WHAT YOU WILL DO. Please give back word for word the lines of the material below between the line containing "V' E' (map h" and the line containing "obtain xs where", inclusive.

RECORDS FOR THE TASK.
(* Let $G$ be a group acting by graph automorphisms on connected graphs $\Gamma_1$ and $\Gamma_2$, each with finitely many orbits of edges. Suppose there is a bijection $\beta: V(\Gamma_1)\to V(\Gamma_2)$ between the vertex sets such that $\beta(gv)=g\beta(v)$ for all $g\in G$ and $v\in V(\Gamma_1)$. Then $\Gamma_1$ and $\Gamma_2$ (with combinatorial metrics) are quasi-isometric.
   Context: Graphs are equipped with the combinatorial metric (each edge has length 1); they need not be locally finite. Metric spaces $M_1,M_2$ are quasi-isometric if there are $\lambda>0$, $c\ge0$, $\varepsilon\ge0$ and a map $\alpha:M_1\to M_2$ with $\frac1\lambda d(x,y)-c\le d(\alpha(x),\alpha(y))\le \lambda d(x,y)+c$ for all $x,y\in M_1$, and every point of $M_2$ within distance $\varepsilon$ of $\alpha(M_1)$. *)

theory Defs
  imports Complex_Main "HOL-Algebra.Group_Action"
begin

definition graph :: "'v set \<Rightarrow> 'v set set \<Rightarrow> bool" where
  "graph V E \<longleftrightarrow> E \<subseteq> {{u, v} | u v. u \<in> V \<and> v \<in> V \<and> u \<noteq> v}"

definition walk :: "'v set \<Rightarrow> 'v set set \<Rightarrow> 'v list \<Rightarrow> bool" where
  "walk V E xs \<longleftrightarrow> xs \<noteq> [] \<and> set xs \<subseteq> V \<and>
     (\<forall>i. Suc i < length xs \<longrightarrow> {xs ! i, xs ! Suc i} \<in> E)"

definition graph_connected :: "'v set \<Rightarrow> 'v set set \<Rightarrow> bool" where
  "graph_connected V E \<longleftrightarrow>
     (\<forall>u\<in>V. \<forall>v\<in>V. \<exists>xs. walk V E xs \<and> hd xs = u \<and> last xs = v)"

definition gdist :: "'v set \<Rightarrow> 'v set set \<Rightarrow> 'v \<Rightarrow> 'v \<Rightarrow> real" where
  "gdist V E u v = real (LEAST n. \<exists>xs. walk V E xs \<and> hd xs = u \<and> last xs = v \<and> length xs = Suc n)"

definition acts_by_automorphisms ::
  "('g, 'm) monoid_scheme \<Rightarrow> ('g \<Rightarrow> 'v \<Rightarrow> 'v) \<Rightarrow> 'v set \<Rightarrow> 'v set set \<Rightarrow> bool" where
  "acts_by_automorphisms G \<phi> V E \<longleftrightarrow> group_action G V \<phi> \<and>
     (\<forall>g\<in>carrier G. \<forall>u\<in>V. \<forall>v\<in>V. {u, v} \<in> E \<longleftrightarrow> {\<phi> g u, \<phi> g v} \<in> E)"

definition finitely_many_edge_orbits ::
  "('g, 'm) monoid_scheme \<Rightarrow> ('g \<Rightarrow> 'v \<Rightarrow> 'v) \<Rightarrow> 'v set set \<Rightarrow> bool" where
  "finitely_many_edge_orbits G \<phi> E \<longleftrightarrow> finite (orbits G E (\<lambda>g e. \<phi> g ` e))"

definition quasi_isometric ::
  "'a set \<Rightarrow> ('a \<Rightarrow> 'a \<Rightarrow> real) \<Rightarrow> 'b set \<Rightarrow> ('b \<Rightarrow> 'b \<Rightarrow> real) \<Rightarrow> bool" where
  "quasi_isometric M1 d1 M2 d2 \<longleftrightarrow>
     (\<exists>lam::real>0. \<exists>c::real\<ge>0. \<exists>\<epsilon>::real\<ge>0. \<exists>\<alpha>. \<alpha> ` M1 \<subseteq> M2 \<and>
        (\<forall>x\<in>M1. \<forall>y\<in>M1. d1 x y / lam - c \<le> d2 (\<alpha> x) (\<alpha> y) \<and> d2 (\<alpha> x) (\<alpha> y) \<le> lam * d1 x y + c) \<and>
        (\<forall>z\<in>M2. \<exists>x\<in>M1. d2 z (\<alpha> x) \<le> \<epsilon>))"

end

theory Submission
  imports Defs
begin

text \<open>An equivariant map between the vertex sets is Lipschitz: the distance between the
  images of the two ends of an edge is invariant under the action, so it takes only finitely
  many values, one per edge orbit, and a bound on edges propagates along geodesics. Applying
  this to \<open>\<beta>\<close> and to its (again equivariant) inverse makes \<open>\<beta>\<close> bi-Lipschitz, and being
  surjective it is a quasi-isometry.\<close>

lemma walk_Cons_Cons:
  "walk V E (x # y # xs) \<longleftrightarrow> x \<in> V \<and> {x, y} \<in> E \<and> walk V E (y # xs)"
proof
  assume w: "walk V E (x # y # xs)"
  then have "{(x # y # xs) ! Suc i, (x # y # xs) ! Suc (Suc i)} \<in> E"
    if "Suc i < length (y # xs)" for i
    using that unfolding walk_def by (metis length_Cons Suc_less_eq)
  moreover have "{(x # y # xs) ! 0, (x # y # xs) ! Suc 0} \<in> E"
    using w unfolding walk_def by force
  ultimately show "x \<in> V \<and> {x, y} \<in> E \<and> walk V E (y # xs)"
    using w by (simp add: walk_def)
next
  assume "x \<in> V \<and> {x, y} \<in> E \<and> walk V E (y # xs)"
  then show "walk V E (x # y # xs)"
    unfolding walk_def by (auto simp: nth_Cons split: nat.split)
qed

lemma walk_ConsD: "walk V E (x # xs) \<Longrightarrow> xs \<noteq> [] \<Longrightarrow> walk V E xs"
  by (cases xs) (auto simp: walk_Cons_Cons)

lemma walk_append_tl:
  "walk V E xs \<Longrightarrow> walk V E ys \<Longrightarrow> last xs = hd ys \<Longrightarrow> walk V E (xs @ tl ys)"
proof (induction xs)
  case Nil
  then show ?case by (simp add: walk_def)
next
  case (Cons x xs)
  show ?case
  proof (cases xs)
    case Nil
    then show ?thesis using Cons.prems by (cases ys) auto
  next
    case (Cons y zs)
    then have "walk V E (xs @ tl ys)"
      using Cons.IH[OF walk_ConsD[OF Cons.prems(1)] Cons.prems(2)] Cons.prems(3) by simp
    then show ?thesis using Cons.prems Cons by (simp add: walk_Cons_Cons)
  qed
qed

lemma walk_map:
  assumes "walk V E xs" "h ` V \<subseteq> V'"
    and "\<And>u v. u \<in> V \<Longrightarrow> v \<in> V \<Longrightarrow> {u, v} \<in> E \<Longrightarrow> {h u, h v} \<in> E'"
  shows "walk V' E' (map h xs)"
  using assms unfolding walk_def by (auto simp: subset_iff)

lemma gdist_le_walk:
  assumes "walk V E xs" "hd xs = u" "last xs = v"
  shows "gdist V E u v \<le> real (length xs - 1)"
proof -
  have "length xs = Suc (length xs - 1)"
    using assms(1) by (cases xs) (auto simp: walk_def)
  then have "(LEAST n. \<exists>xs. walk V E xs \<and> hd xs = u \<and> last xs = v \<and> length xs = Suc n)
      \<le> length xs - 1"
    using assms by (intro Least_le) blast
  then show ?thesis unfolding gdist_def by simp
qed

lemma gdist_nonneg: "gdist V E u v \<ge> 0"
  by (simp add: gdist_def)

lemma gdist_self: "v \<in> V \<Longrightarrow> gdist V E v v = 0"
  using gdist_le_walk[of V E "[v]" v v] gdist_nonneg[of V E v v] by (simp add: walk_def)

lemma shortest_walk_exists:
  assumes "graph_connected V E" "u \<in> V" "v \<in> V"
  obtains xs where "walk V E xs" "hd xs = u" "last xs = v" "real (length xs - 1) = gdist V E u v"
proof -
  obtain xs where xs: "walk V E xs" "hd xs = u" "last xs = v"
    using assms unfolding graph_connected_def by blast
  then have "length xs = Suc (length xs - 1)"
    by (cases xs) (auto simp: walk_def)
  then have "\<exists>n xs. walk V E xs \<and> hd xs = u \<and> last xs = v \<and> length xs = Suc n"
    using xs by blast
  from LeastI_ex[OF this] show ?thesis
    using that unfolding gdist_def by fastforce
qed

ANSWER BOX.
  shows "walk V' E' (map h xs)"
  using assms unfolding walk_def by (auto simp: subset_iff)

lemma gdist_le_walk:
  assumes "walk V E xs" "hd xs = u" "last xs = v"
  shows "gdist V E u v \<le> real (length xs - 1)"
proof -
  have "length xs = Suc (length xs - 1)"
    using assms(1) by (cases xs) (auto simp: walk_def)
  then have "(LEAST n. \<exists>xs. walk V E xs \<and> hd xs = u \<and> last xs = v \<and> length xs = Suc n)
      \<le> length xs - 1"
    using assms by (intro Least_le) blast
  then show ?thesis unfolding gdist_def by simp
qed

lemma gdist_nonneg: "gdist V E u v \<ge> 0"
  by (simp add: gdist_def)

lemma gdist_self: "v \<in> V \<Longrightarrow> gdist V E v v = 0"
  using gdist_le_walk[of V E "[v]" v v] gdist_nonneg[of V E v v] by (simp add: walk_def)

lemma shortest_walk_exists:
  assumes "graph_connected V E" "u \<in> V" "v \<in> V"
  obtains xs where "walk V E xs" "hd xs = u" "last xs = v" "real (length xs - 1) = gdist V E u v"
proof -
  obtain xs where xs: "walk V E xs" "hd xs = u" "last xs = v"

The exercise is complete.